=== TASK STATEMENT ===
Beneath this instruction is a block of data; output from it exactly the lines that run from the one containing "by (simp add: mult.assoc)" through the one containing "unfolding t_def w_def", inclusive.

═════ EXTRACTED MATERIAL

lemma ln_le_load_scale:
  assumes N: "2 \<le> N" shows "ln (real N) \<le> load_scale N"
proof -
  have X: "0 < log_ratio N" "log_ratio N \<le> 1" using log_ratio_pos_le_one[OF N] by auto
  have "ln (real N) = real N * log_ratio N powr 1" unfolding log_ratio_def using N X by simp
  also have "\<dots> \<le> real N * log_ratio N powr (\<alpha> / (\<alpha> + 2))"
    using X alpha_pos by (intro mult_left_mono powr_mono') auto
  finally show ?thesis unfolding load_scale_def .
qed

lemma cluster_size_bounds:
  assumes N: "2 \<le> N"
  shows "exp 2 * (real N * ball_prob N) \<le> real (cluster_size N)"
    and "2 * ln (real N) \<le> real (cluster_size N)"
    and "real (cluster_size N) \<le> exp 2 * (real N * ball_prob N) + 2 * ln (real N) + 1"
proof -
  define y where "y = exp 2 * (real N * ball_prob N) + 2 * ln (real N)"
  have "0 \<le> ball_prob N" "0 \<le> ln (real N)" unfolding ball_prob_def using lam_pos N by auto
  hence "0 \<le> exp 2 * (real N * ball_prob N)" "0 \<le> y" unfolding y_def by auto
  moreover have "real (cluster_size N) = of_int \<lceil>y\<rceil>"
    unfolding cluster_size_def y_def[symmetric] using \<open>0 \<le> y\<close> by simp
  ultimately show "exp 2 * (real N * ball_prob N) \<le> real (cluster_size N)"
      "2 * ln (real N) \<le> real (cluster_size N)"
      "real (cluster_size N) \<le> exp 2 * (real N * ball_prob N) + 2 * ln (real N) + 1"
    using \<open>0 \<le> ln (real N)\<close> unfolding y_def by linarith+
qed

lemma eventually_large: "eventually large sequentially"
proof -
  have "(\<lambda>N. load_constant * (l N * (ln (real N) / real N) powr (\<alpha> / (\<alpha> + 2)))) \<longlonglongrightarrow> load_constant * 0"
    by (intro tendsto_mult tendsto_const load_tendsto)
  hence "eventually (\<lambda>N. load_constant * (l N * log_ratio N powr (\<alpha> / (\<alpha> + 2))) < 1) sequentially"
    unfolding log_ratio_def by (intro order_tendstoD) auto
  thus ?thesis using eventually_ge_at_top[of 2]
  proof eventually_elim
    case (elim N)
    have l: "1 \<le> l N" "real (K N) = real N / l N" using channels[OF elim(2)] by auto
    hence "load_scale N = l N * log_ratio N powr (\<alpha> / (\<alpha> + 2)) * real (K N)"
      unfolding load_scale_def by simp
    moreover have "0 < real (K N)" using l elim(2) by simp
    ultimately show ?case
      using elim mult_strict_right_mono[OF elim(1), of "real (K N)"] unfolding large_def
      by (simp add: mult.assoc)
  qed
qed

lemma many_channels_if_large:
  assumes "large N"
  shows "2 / \<epsilon> * (rate_cap * real S * (1 + real (cluster_size N))
        + real N * far_interference N / (N0 * ln 2))
    < real (K N) - (1 + real (cluster_size N)
        + real N * far_interference N / ((2 powr (\<epsilon> / 2) - 1) * N0))"
proof -
  have N: "2 \<le> N" using assms unfolding large_def by simp
  define t where "t = real (cluster_size N)"
  define w where "w = load_scale N"
  define A1 where "A1 = 1 + 2 / \<epsilon> * rate_cap * real S"
  define A3 where "A3 = 1 / ((2 powr (\<epsilon> / 2) - 1) * N0) + 2 / \<epsilon> / (N0 * ln 2)"
  have "0 < 2 powr (\<epsilon> / 2) - 1" using eps_pos by simp
  hence "0 \<le> A3" unfolding A3_def using eps_pos N0_pos
    by (intro add_nonneg_nonneg less_imp_le divide_pos_pos mult_pos_pos) auto
  have "0 \<le> A1" unfolding A1_def rate_cap_def using eps_pos by auto
  have "ln 2 \<le> ln (real N)" using N by simp
  hence "ln 2 \<le> w" using ln_le_load_scale[OF N] unfolding w_def by linarith
  hence "2 \<le> 2 / ln 2 * w" by (simp add: field_simps)
  moreover have "t \<le> exp 2 * (4 * lam * w) + 2 * w + 1"
    using cluster_size_bounds(3)[OF N] ln_le_load_scale[OF N]
    unfolding t_def w_def expected_neighbours_eq[symmetric] by linarith
  ultimately have "1 + t \<le> (4 * exp 2 * lam + 2 + 2 / ln 2) * w" by (simp add: algebra_simps)
  hence "A1 * (1 + t) \<le> A1 * ((4 * exp 2 * lam + 2 + 2 / ln 2) * w)"
    using \<open>0 \<le> A1\<close> by (rule mult_left_mono)
  hence "A1 * (1 + t) + A3 * (real N * far_interference N) \<le> load_constant * w"
    using total_far_interference_eq
    unfolding load_constant_def A1_def[symmetric] A3_def[symmetric] w_def
    by (simp add: algebra_simps)
  also have "\<dots> < real (K N)" using assms unfolding large_def w_def by simp
  finally show ?thesis unfolding A1_def A3_def t_def by (simp add: algebra_simps add_divide_distrib)
qed

lemma sparse_interference_if_not_clustered:
  assumes N: "2 \<le> N" and x: "x \<in> PiE {..<N} (\<lambda>_. D)" "x \<notin> clustered N (cluster_size N) (radius N)"
  shows "sparse_interference N N0 \<sigma>max (far_interference N) (d N) (g N x) (P N x)
    (\<lambda>i j. dist (x i) (x j) \<le> radius N) S (cluster_size N)"
proof (unfold_locales)
  have "0 < log_ratio N" using log_ratio_pos_le_one[OF N] by simp
  hence radius_pos: "0 < radius N" unfolding radius_def by simp
  show "0 < N0" by (rule N0_pos)
  show "0 \<le> far_interference N" unfolding far_interference_def using G_pos P0_pos by simp
  fix i j m n :: nat
  show "n < N \<Longrightarrow> d N n < N \<and> d N n \<noteq> n" using dest[OF N] .
  show "j < N \<Longrightarrow> card {m. m < N \<and> d N m = j} \<le> S" using card_dest_le[OF N] .
  show "0 \<le> g N x i j" using gain_bounds by simp
  show "m < N \<Longrightarrow> 0 < P N x m" using power_bounds[OF N x(1)] by simp
  show "m < N \<Longrightarrow> g N x m (d N m) * P N x m / N0 \<le> \<sigma>max" using snr_le[OF N x(1)] .
  show "(dist (x i) (x j) \<le> radius N) \<longleftrightarrow> (dist (x j) (x i) \<le> radius N)" by (simp add: dist_commute)
  show "i < N \<Longrightarrow> card {j. j < N \<and> j \<noteq> i \<and> dist (x i) (x j) \<le> radius N} \<le> cluster_size N"
    using x(2) unfolding clustered_def by auto
  assume ij: "i < N" "j < N" "i \<noteq> j" "\<not> dist (x i) (x j) \<le> radius N"
  have "g N x i j \<le> G * dist (x i) (x j) powr (- \<alpha>)" using gain_bounds by simp
  also have "\<dots> \<le> G * radius N powr (- \<alpha>)"
    using ij(4) radius_pos alpha_pos G_pos by (intro mult_left_mono powr_mono2') auto
  finally have "g N x i j * P N x i \<le> G * radius N powr (- \<alpha>) * (P0 * log_ratio N powr (\<alpha> / 2))"
    using power_bounds[OF N x(1) ij(1)] gain_bounds[of N x i j] unfolding log_ratio_def
    by (intro mult_mono) auto
  thus "g N x i j * P N x i \<le> far_interference N" unfolding far_interference_def .
qed

lemma good_event_if_not_clustered:
  assumes "large N" and x: "x \<in> PiE {..<N} (\<lambda>_. D)" "x \<notin> clustered N (cluster_size N) (radius N)"
  shows "good_event N (K N) (rate N N0 (d N) (g N x) (P N x)) \<epsilon>"
proof -
  have N: "2 \<le> N" using assms(1) unfolding large_def by simp
  interpret sparse_interference N N0 \<sigma>max "far_interference N" "d N" "g N x" "P N x"
      "\<lambda>i j. dist (x i) (x j) \<le> radius N" S "cluster_size N"
    using sparse_interference_if_not_clustered[OF N x] .
  show ?thesis
    using good_event_if_many_channels[OF eps_pos] many_channels_if_large[OF assms(1)]
    unfolding rate_max_def rate_cap_def by simp
qed

lemma uniform_measure_D:
  "prob_space (uniform_measure lborel D)" "sets (uniform_measure lborel D) = sets borel"
  using D_sets D_measure lam_pos by (auto intro!: prob_space_uniform_measure)

abbreviation config_space :: "nat \<Rightarrow> (nat \<Rightarrow> real \<times> real) measure" where
  "config_space N \<equiv> PiM {..<N} (\<lambda>_. uniform_measure lborel D)"

abbreviation clustered_configs :: "nat \<Rightarrow> (nat \<Rightarrow> real \<times> real) set" where
  "clustered_configs N \<equiv> space (config_space N) \<inter> clustered N (cluster_size N) (radius N)"

lemma PiE_D_sets: "PiE {..<N} (\<lambda>_. D) \<in> sets (config_space N)"
  using D_sets by (intro sets_PiM_I_finite) auto

lemma ball_prob_bound:
  "emeasure (uniform_measure lborel D) (cball y (radius N)) \<le> ennreal (ball_prob N)"
  unfolding ball_prob_def
  by (rule emeasure_uniform_measure_cball_le[OF D_sets D_measure lam_pos radius_nonneg])

lemma clustered_configs_sets: "clustered_configs N \<in> sets (config_space N)"
  using lam_pos
  by (intro measure_clustered_le(1)[OF uniform_measure_D ball_prob_bound]) (simp add: ball_prob_def)

lemma measure_clustered_configs_le:
  "measure (config_space N) (clustered_configs N)
     \<le> real N * (real N ^ cluster_size N / fact (cluster_size N)) * ball_prob N ^ cluster_size N"
  using lam_pos
  by (intro measure_clustered_le(2)[OF uniform_measure_D ball_prob_bound]) (simp add: ball_prob_def)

══════════

=== RESPONSE TO THE TASK ===
      by (simp add: mult.assoc)
  qed
qed

lemma many_channels_if_large:
  assumes "large N"
  shows "2 / \<epsilon> * (rate_cap * real S * (1 + real (cluster_size N))
        + real N * far_interference N / (N0 * ln 2))
    < real (K N) - (1 + real (cluster_size N)
        + real N * far_interference N / ((2 powr (\<epsilon> / 2) - 1) * N0))"
proof -
  have N: "2 \<le> N" using assms unfolding large_def by simp
  define t where "t = real (cluster_size N)"
  define w where "w = load_scale N"
  define A1 where "A1 = 1 + 2 / \<epsilon> * rate_cap * real S"
  define A3 where "A3 = 1 / ((2 powr (\<epsilon> / 2) - 1) * N0) + 2 / \<epsilon> / (N0 * ln 2)"
  have "0 < 2 powr (\<epsilon> / 2) - 1" using eps_pos by simp
  hence "0 \<le> A3" unfolding A3_def using eps_pos N0_pos
    by (intro add_nonneg_nonneg less_imp_le divide_pos_pos mult_pos_pos) auto
  have "0 \<le> A1" unfolding A1_def rate_cap_def using eps_pos by auto
  have "ln 2 \<le> ln (real N)" using N by simp
  hence "ln 2 \<le> w" using ln_le_load_scale[OF N] unfolding w_def by linarith
  hence "2 \<le> 2 / ln 2 * w" by (simp add: field_simps)
  moreover have "t \<le> exp 2 * (4 * lam * w) + 2 * w + 1"
    using cluster_size_bounds(3)[OF N] ln_le_load_scale[OF N]
    unfolding t_def w_def expected_neighbours_eq[symmetric] by linarith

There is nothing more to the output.